## Exercise goal
Could you find each line of the data below that contains the word "this" and copy those lines?

(Saved data entries)
[Start of section]

text \<open>Terms are indexed by a finite set T, term t having exponent e t i at the variable i; several
  terms may share a monomial, and it is the sum of their coefficients that vanishes.\<close>

lemma sum_monomials_eq_0_imp:
  fixes g :: "'t \<Rightarrow> 'k::field" and e :: "'t \<Rightarrow> nat \<Rightarrow> nat" and n :: nat
  assumes "infinite (UNIV :: 'k set)"
  shows "finite T \<Longrightarrow> \<forall>x. (\<Sum>t\<in>T. g t * (\<Prod>i<n. x i ^ e t i)) = 0 \<Longrightarrow>
    (\<Sum>t\<in>{t\<in>T. \<forall>i<n. e t i = k i}. g t) = 0"
proof (induction n arbitrary: T)
  case 0
  then show ?case by simp
next
  case (Suc n)
  define T' where "T' = {t\<in>T. e t n = k n}"
  have "(\<Sum>t\<in>T'. g t * (\<Prod>i<n. x i ^ e t i)) = 0" for x
  proof -
    have "(\<Sum>t\<in>T. (g t * (\<Prod>i<n. x i ^ e t i)) * z ^ e t n) = 0" for z
    proof -
      have "(\<Prod>i<n. (x(n := z)) i ^ e t i) = (\<Prod>i<n. x i ^ e t i)" for t
        by (rule prod.cong) auto
      then show ?thesis
        using spec[OF Suc.prems(2), of "x(n := z)"] by (simp add: mult.assoc)
    qed
    from sum_powers_eq_0_imp[OF Suc.prems(1) assms this] show ?thesis
      by (simp add: T'_def)
  qed
  then have "\<forall>x. (\<Sum>t\<in>T'. g t * (\<Prod>i<n. x i ^ e t i)) = 0" by blast
  from Suc.IH[OF _ this] have "(\<Sum>t\<in>{t\<in>T'. \<forall>i<n. e t i = k i}. g t) = 0"
    using Suc.prems(1) by (simp add: T'_def)
  moreover have "{t\<in>T'. \<forall>i<n. e t i = k i} = {t\<in>T. \<forall>i<Suc n. e t i = k i}"
    by (auto simp: T'_def less_Suc_eq)
  ultimately show ?case by simp
qed

section \<open>Components of low degree in the odd variables\<close>

definition ydeg_ge1 :: "'a::comm_ring_1 scc m2 \<Rightarrow> bool" where
  "ydeg_ge1 A \<longleftrightarrow> (\<forall>x\<in>set_m2 A. coeffs x {} = 0)"

definition ydeg_ge2 :: "'a::comm_ring_1 scc m2 \<Rightarrow> bool" where
  "ydeg_ge2 A \<longleftrightarrow> (\<forall>x\<in>set_m2 A. coeffs x {} = 0 \<and> (\<forall>i. coeffs x {i} = 0))"

lemma ydeg_ge1_mult_right: "ydeg_ge1 B \<Longrightarrow> ydeg_ge1 (A * B)"
  and ydeg_ge2_mult: "ydeg_ge1 A \<Longrightarrow> ydeg_ge1 B \<Longrightarrow> ydeg_ge2 (A * B)"
  and ydeg_ge2_mult_left: "ydeg_ge2 A \<Longrightarrow> ydeg_ge2 (A * B)"
  and ydeg_ge2_mult_right: "ydeg_ge2 B \<Longrightarrow> ydeg_ge2 (A * B)"
  by (cases A; cases B; simp add: ydeg_ge1_def ydeg_ge2_def coeffs_mult_empty coeffs_mult_singleton)+

lemma ydeg_ge1_add: "ydeg_ge1 A \<Longrightarrow> ydeg_ge1 B \<Longrightarrow> ydeg_ge1 (A + B)"
  and ydeg_ge2_add: "ydeg_ge2 A \<Longrightarrow> ydeg_ge2 B \<Longrightarrow> ydeg_ge2 (A + B)"
  by (cases A; cases B; simp add: ydeg_ge1_def ydeg_ge2_def)+

lemma ydeg_ge1_zero: "ydeg_ge1 0"
  and ydeg_ge2_zero: "ydeg_ge2 0"
  by (simp_all add: ydeg_ge1_def ydeg_ge2_def zero_m2_eq)

lemma ydeg_ge1_sum: "(\<And>x. x \<in> S \<Longrightarrow> ydeg_ge1 (f x)) \<Longrightarrow> ydeg_ge1 (sum f S)"
  by (induction S rule: infinite_finite_induct) (simp_all add: ydeg_ge1_zero ydeg_ge1_add)

lemma ydeg_ge2_sum: "(\<And>x. x \<in> S \<Longrightarrow> ydeg_ge2 (f x)) \<Longrightarrow> ydeg_ge2 (sum f S)"
  by (induction S rule: infinite_finite_induct) (simp_all add: ydeg_ge2_zero ydeg_ge2_add)

lemma ydeg_ge1_msmult: "ydeg_ge1 A \<Longrightarrow> ydeg_ge1 (msmult k A)"
  and ydeg_ge2_msmult: "ydeg_ge2 A \<Longrightarrow> ydeg_ge2 (msmult k A)"
  by (simp_all add: msmult_eq ydeg_ge1_mult_right ydeg_ge2_mult_right)

lemma ydeg_ge1_coeffs: "ydeg_ge1 A \<Longrightarrow> coeffs (m11 A) {} = 0 \<and> coeffs (m12 A) {} = 0 \<and> coeffs (m22 A) {} = 0"
  and ydeg_ge2_coeffs: "ydeg_ge2 A \<Longrightarrow> coeffs (m11 A) {} = 0 \<and> coeffs (m22 A) {} = 0 \<and> coeffs (m12 A) {i} = 0"
  by (cases A; simp add: ydeg_ge1_def ydeg_ge2_def)+

lemma coeffs_diag_mscalar_mult:
  "coeffs (m11 (mscalar e * X)) {} = e * coeffs (m11 X) {}"
  "coeffs (m22 (mscalar e * X)) {} = e * coeffs (m22 X) {}"
  by (cases X; simp add: mscalar_def coeffs_sc_scalar_mult)+

lemma coeffs_m12_mult_ydeg_ge1:
  assumes "ydeg_ge1 S" "coeffs (m12 P) {} = 0"
  shows "coeffs (m12 (P * S)) {2} = coeffs (m11 P) {} * coeffs (m12 S) {2}"
  using assms by (simp add: entries_mult coeffs_mult_singleton ydeg_ge1_coeffs)

lemma ydeg_ge1_basic_comm: "basic_comm X \<Longrightarrow> ydeg_ge1 X"
  unfolding basic_comm_def ydeg_ge1_def comm12_model comm12_gen_model t16_comms
  by (auto simp: coeffs_sc_monom)

lemma ydeg_ge1_ucomm: "ydeg_ge1 (ucomm w)"
  using ucomm_basic_comm[of w] ydeg_ge1_basic_comm ydeg_ge1_mult_right by metis

lemma ydeg_ge2_mprod_list:
  assumes "2 \<le> length ws"
  shows "ydeg_ge2 (mprod_list (map ucomm ws))"
proof -
  obtain w1 w2 r where "ws = w1 # w2 # r"
    using assms by (cases ws; cases "tl ws") auto
  then show ?thesis
    by (simp add: mprod_list_def ydeg_ge1_ucomm ydeg_ge2_mult_left ydeg_ge2_mult flip: mult.assoc)
qed

lemma coeffs_m12_mscalar_mult:
  "pred_m2 finitary X \<Longrightarrow> coeffs (m12 (mscalar e * X)) {2} = e * coeffs (m12 X) {2}"
  by (cases X) (simp add: mscalar_def coeffs_sc_scalar_mult finitary_def)

lemma coeffs_m12_comm12: "coeffs (m12 comm12) {2} = gen_diff 1"
  and coeffs_m12_comm12_gen1: "coeffs (m12 (comm12_gen 1)) {2} = - (gen_diff 1 * gen_diff 1)"
  and coeffs_m12_comm12_gen2: "coeffs (m12 (comm12_gen 2)) {2} = - (gen_diff 2 * gen_diff 1)"
  unfolding comm12_model comm12_gen_model t16_comms by (simp_all add: coeffs_sc_monom)

lemma coeffs_m12_ucomm:
  "coeffs (m12 (ucomm w :: 'k::comm_ring_1 sc m2)) {2} = (-1) ^ length w * gen_diff_prod w * gen_diff 1"
proof (cases "even (length w)")
  case True
  then show ?thesis by (simp add: ucomm_eq coeffs_m12_mscalar_mult coeffs_m12_comm12)
next
  case False
  then have "w = butlast w @ [last w]" by (cases w rule: rev_cases) auto
  then have "gen_diff_prod w = (gen_diff_prod (butlast w) * gen_diff (last w) :: 'k xpoly)"
    by (metis gen_diff_prod_simps(2))
  moreover have "coeffs (m12 (comm12_gen b :: 'k sc m2)) {2} = - (gen_diff b * gen_diff 1)" for b
    using coeffs_m12_comm12_gen1 coeffs_m12_comm12_gen2
    by (cases "b = 1") (simp_all add: comm12_gen_def genC_def gen_diff_def)
  ultimately show ?thesis
    using False by (simp add: ucomm_eq coeffs_m12_mscalar_mult algebra_simps)
qed

lemma coeffs_mpow_low:
  assumes "coeffs (m12 A) {} = 0" "coeffs (m21 A) {} = 0"
  shows "coeffs (m11 (mpow A n)) {} = coeffs (m11 A) {} ^ n \<and> coeffs (m12 (mpow A n)) {} = 0 \<and>
    coeffs (m21 (mpow A n)) {} = 0 \<and> coeffs (m22 (mpow A n)) {} = coeffs (m22 A) {} ^ n"
  by (induction n) (simp_all add: assms entries_mult coeffs_mult_empty mone_def sc_const_eq coeffs_sc_scalar)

[End of section]

## Result below
    from sum_powers_eq_0_imp[OF Suc.prems(1) assms this] show ?thesis
  from Suc.IH[OF _ this] have "(\<Sum>t\<in>{t\<in>T'. \<forall>i<n. e t i = k i}. g t) = 0"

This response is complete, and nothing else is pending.